Leighton Jenkins

Personal information
- Nationality: British (Welsh)
- Born: 4 December 1928 Penclawdd, Wales
- Died: 8 March 2013 Glamorgan, Wales

Sport
- Sport: Lawn bowls
- Club: Penclawdd BC

Medal record
Representing Wales
National Championships
| Gold medal – first place | 1967 | fours |
| Gold medal – first place | 1968 | pairs |

= Leighton Jenkins (bowls) =

Welsh lawn bowler

Daniel "Leighton" Jenkins (4 December 1928 – 8 March 2013) was an international lawn bowler from Wales who competed at the Commonwealth Games.

== Biography ==
Jenkins broke his arm playing rugby, which forced him to take up bowls in 1947. He was a member of the Penclawdd Bowls Club and was a two-times national champion, winning the pairs at the Welsh National Bowls Championships in 1968 with Gwyn Howells and the fours in 1967. By winning the national pairs they represented Wales at the 1968 British Isles Bowls Championships.
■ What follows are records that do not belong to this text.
lemma expectation_card_bernoulli_sampling:
  assumes fin: "finite A" and p01: "\<And>i. i \<in> A \<Longrightarrow> 0 \<le> p i \<and> p i \<le> 1"
  shows "measure_pmf.expectation (bernoulli_sampling A p) (\<lambda>f. real (card {i\<in>A. f i}))
           = (\<Sum>i\<in>A. p i)"
proof -
  let ?P = "bernoulli_sampling A p"
  have indicator: "measure_pmf.expectation ?P (\<lambda>f. if f i then 1 else 0) = p i" if "i \<in> A" for i
  proof -
    have "measure_pmf.expectation ?P (\<lambda>f. if f i then 1 else 0)
        = measure_pmf.expectation (map_pmf (\<lambda>f. f i) ?P) (\<lambda>b. if b then 1 else 0 :: real)"
      by simp
    also have "map_pmf (\<lambda>f. f i) ?P = bernoulli_pmf (p i)"
      using that fin by (simp add: bernoulli_sampling_def Pi_pmf_component)
    finally show ?thesis using p01[OF that] by simp
  qed
  have "measure_pmf.expectation ?P (\<lambda>f. real (card {i\<in>A. f i}))
      = measure_pmf.expectation ?P (\<lambda>f. \<Sum>i\<in>A. if f i then 1 else 0)"
    using sum.inter_filter[OF fin, of "\<lambda>_. 1::real"] by simp
  also have "\<dots> = (\<Sum>i\<in>A. measure_pmf.expectation ?P (\<lambda>f. if f i then 1 else 0))"
    by (intro Bochner_Integration.integral_sum integrable_bernoulli_sampling fin)
  also have "\<dots> = (\<Sum>i\<in>A. p i)"
    using indicator by simp
  finally show ?thesis .
qed

lemma prob_card_bernoulli_sampling_gt:
  assumes "finite A" and "\<And>i. i \<in> A \<Longrightarrow> 0 \<le> p i \<and> p i \<le> 1" and "0 < s"
  shows "measure_pmf.prob (bernoulli_sampling A p) {f. s < real (card {i\<in>A. f i})}
           \<le> (\<Sum>i\<in>A. p i) / s"
proof -
  let ?P = "bernoulli_sampling A p"
  have "measure_pmf.prob ?P {f. s < real (card {i\<in>A. f i})}
      \<le> measure_pmf.prob ?P {f \<in> space (measure_pmf ?P). s \<le> real (card {i\<in>A. f i})}"
    by (intro measure_pmf.finite_measure_mono) auto
  also have "\<dots> \<le> measure_pmf.expectation ?P (\<lambda>f. real (card {i\<in>A. f i})) / s"
    using assms(1,3)
    by (intro integral_Markov_inequality_measure[where A = UNIV] integrable_bernoulli_sampling) auto
  finally show ?thesis using expectation_card_bernoulli_sampling[OF assms(1,2)] by simp
qed

text \<open>Each summand is at most M, and exp x \<le> 1 + x + x^2 bounds every factor of the moment
  generating function since |lam| M \<le> 1.\<close>
lemma expectation_exp_ht_sum_le:
  assumes fin: "finite A" and TA: "T \<subseteq> A"
    and p01: "\<And>i. i \<in> A \<Longrightarrow> 0 \<le> p i \<and> p i \<le> 1"
    and pT: "\<And>i. i \<in> T \<Longrightarrow> 0 < p i \<and> 1 / p i \<le> M"
    and lam: "\<bar>lam\<bar> * M \<le> 1"
  shows "measure_pmf.expectation (bernoulli_sampling A p) (\<lambda>f. exp (lam * ht_sum T p f))
           \<le> exp (real (card T) * (lam + lam\<^sup>2 * M))"
proof -
  define h where "h i b = (if i \<in> T \<and> b then exp (lam / p i) else 1)" for i b
  have fin_T: "finite T" using fin TA finite_subset by blast
  have prod_eq: "exp (lam * ht_sum T p f) = (\<Prod>i\<in>A. h i (f i))" for f
  proof -
    have "exp (lam * ht_sum T p f) = (\<Prod>i\<in>T. h i (f i))"
      unfolding ht_sum_def sum_distrib_left exp_sum[OF fin_T] by (intro prod.cong) (auto simp: h_def)
    also have "\<dots> = (\<Prod>i\<in>A. h i (f i))"
      using TA fin by (intro prod.mono_neutral_left) (auto simp: h_def)
    finally show ?thesis .
  qed
  have factor_le: "measure_pmf.expectation (bernoulli_pmf (p i)) (h i) \<le> exp (lam + lam\<^sup>2 * M)"
    if "i \<in> T" for i
  proof -
    have pi: "0 < p i" "p i \<le> 1" "1 / p i \<le> M" using pT[OF that] p01[of i] TA that by auto
    have "\<bar>lam / p i\<bar> \<le> \<bar>lam\<bar> * M"
      using pi mult_left_mono[of "1 / p i" M "\<bar>lam\<bar>"] by (simp add: abs_divide)
    then have "exp (lam / p i) \<le> 1 + lam / p i + (lam / p i)\<^sup>2"
      using lam by (intro exp_le_1_plus_x_plus_sq) simp
    then have "measure_pmf.expectation (bernoulli_pmf (p i)) (h i)
        \<le> (1 + lam / p i + (lam / p i)\<^sup>2) * p i + (1 - p i)"
      using pi that by (simp add: h_def mult_right_mono)
    also have "\<dots> = 1 + lam + lam\<^sup>2 * (1 / p i)"
      using pi by (simp add: field_simps power2_eq_square)
    also have "\<dots> \<le> 1 + lam + lam\<^sup>2 * M" using pi by (intro add_left_mono mult_left_mono) auto
    also have "\<dots> \<le> exp (lam + lam\<^sup>2 * M)" by (simp add: add.assoc exp_ge_add_one_self)
    finally show ?thesis .
  qed
  have "measure_pmf.expectation (bernoulli_sampling A p) (\<lambda>f. exp (lam * ht_sum T p f))
      = (\<Prod>i\<in>A. measure_pmf.expectation (bernoulli_pmf (p i)) (h i))"
    unfolding prod_eq bernoulli_sampling_def using fin
    by (intro expectation_prod_Pi_pmf integrable_measure_pmf_finite) (auto simp: h_def)
  also have "\<dots> = (\<Prod>i\<in>T. measure_pmf.expectation (bernoulli_pmf (p i)) (h i))"
    using p01 by (intro prod.mono_neutral_right[OF fin TA]) (auto simp: h_def)
  also have "\<dots> \<le> (\<Prod>i\<in>T. exp (lam + lam\<^sup>2 * M))"
    using factor_le p01 TA by (intro prod_mono) (auto simp: h_def)
  also have "\<dots> = exp (real (card T) * (lam + lam\<^sup>2 * M))"
    by (simp add: exp_of_nat_mult)
  finally show ?thesis .
qed

lemma prob_ht_sum_chernoff:
  assumes "finite A" "T \<subseteq> A"
    and "\<And>i. i \<in> A \<Longrightarrow> 0 \<le> p i \<and> p i \<le> 1"
    and "\<And>i. i \<in> T \<Longrightarrow> 0 < p i \<and> 1 / p i \<le> M"
    and "\<bar>lam\<bar> * M \<le> 1"
  shows "measure_pmf.prob (bernoulli_sampling A p) {f. lam * a \<le> lam * ht_sum T p f}
           \<le> exp (real (card T) * (lam + lam\<^sup>2 * M) - lam * a)"
proof -
  let ?P = "bernoulli_sampling A p"
  have "measure_pmf.prob ?P {f. lam * a \<le> lam * ht_sum T p f}
      = measure_pmf.prob ?P {f \<in> space (measure_pmf ?P). exp (lam * a) \<le> exp (lam * ht_sum T p f)}"
    by simp
  also have "\<dots> \<le> measure_pmf.expectation ?P (\<lambda>f. exp (lam * ht_sum T p f)) / exp (lam * a)"
    using assms(1)
    by (intro integral_Markov_inequality_measure[where A = UNIV] integrable_bernoulli_sampling) auto
  also have "\<dots> \<le> exp (real (card T) * (lam + lam\<^sup>2 * M)) / exp (lam * a)"
    by (intro divide_right_mono expectation_exp_ht_sum_le assms) auto
  finally show ?thesis by (simp add: exp_diff)
qed

lemma prob_ht_sum_deviates:
  assumes "finite A" "T \<subseteq> A"
    and "\<And>i. i \<in> A \<Longrightarrow> 0 \<le> p i \<and> p i \<le> 1"
    and "\<And>i. i \<in> T \<Longrightarrow> 0 < p i \<and> 1 / p i \<le> M"
    and M: "0 < M" and eps: "0 < eps" "eps \<le> 1"
  shows "measure_pmf.prob (bernoulli_sampling A p)
           {f. \<not> ((1 - eps) * real (card T) \<le> ht_sum T p f \<and> ht_sum T p f \<le> (1 + eps) * real (card T))}
         \<le> 2 * exp (- (eps\<^sup>2 * real (card T) / (4 * M)))"
proof -
  let ?P = "bernoulli_sampling A p" and ?W = "real (card T)"
  let ?bound = "exp (- (eps\<^sup>2 * ?W / (4 * M)))"
  have tail: "measure_pmf.prob ?P {f. lam * ((1 + s * eps) * ?W) \<le> lam * ht_sum T p f} \<le> ?bound"
    if "s = 1 \<or> s = -1" and "lam = s * eps / (2 * M)" for s lam
  proof -
    have "\<bar>lam\<bar> * M \<le> 1" using that M eps by (auto simp: abs_divide)
    from prob_ht_sum_chernoff[OF assms(1-4) this, where a = "(1 + s * eps) * ?W"]
    have "measure_pmf.prob ?P {f. lam * ((1 + s * eps) * ?W) \<le> lam * ht_sum T p f}
        \<le> exp (?W * (lam + lam\<^sup>2 * M) - lam * ((1 + s * eps) * ?W))" .
    also have "?W * (lam + lam\<^sup>2 * M) - lam * ((1 + s * eps) * ?W) = - (eps\<^sup>2 * ?W / (4 * M))"
      using that(1) M unfolding that(2) by (auto simp: field_simps power2_eq_square)
    finally show ?thesis .
  qed
  have c: "0 < eps / (2 * M)" using M eps by simp
  have "{f. (1 + eps) * ?W \<le> ht_sum T p f}
      = {f. eps / (2 * M) * ((1 + 1 * eps) * ?W) \<le> eps / (2 * M) * ht_sum T p f}"
    using c by (simp only: mult_le_cancel_left_pos mult_1)
  then have hi: "measure_pmf.prob ?P {f. (1 + eps) * ?W \<le> ht_sum T p f} \<le> ?bound"
    by (simp only:) (rule tail; simp)
  have "{f. ht_sum T p f \<le> (1 - eps) * ?W}
      = {f. - eps / (2 * M) * ((1 + -1 * eps) * ?W) \<le> - eps / (2 * M) * ht_sum T p f}"
    using c by (simp only: mult_le_cancel_left_neg mult_minus1 diff_conv_add_uminus
        neg_less_0_iff_less minus_divide_left)
  then have lo: "measure_pmf.prob ?P {f. ht_sum T p f \<le> (1 - eps) * ?W} \<le> ?bound"
    by (simp only:) (rule tail; simp)
  have "measure_pmf.prob ?P {f. \<not> ((1 - eps) * ?W \<le> ht_sum T p f \<and> ht_sum T p f \<le> (1 + eps) * ?W)}
      \<le> measure_pmf.prob ?P ({f. ht_sum T p f \<le> (1 - eps) * ?W} \<union> {f. (1 + eps) * ?W \<le> ht_sum T p f})"
    by (intro measure_pmf.finite_measure_mono) auto
  also have "\<dots> \<le> measure_pmf.prob ?P {f. ht_sum T p f \<le> (1 - eps) * ?W}
                  + measure_pmf.prob ?P {f. (1 + eps) * ?W \<le> ht_sum T p f}"
    by (intro measure_Un_le) auto
  finally show ?thesis using hi lo by simp
qed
Jenkins represented the Welsh team, at the 1970 British Commonwealth Games in Edinburgh, Scotland. He participated in the pairs competition partnering Leighton Jenkins.

By profession he was the head of music at a comprehensive school and partnered Maldwyn Evans in the pairs at the 1972 World Outdoor Bowls Championship.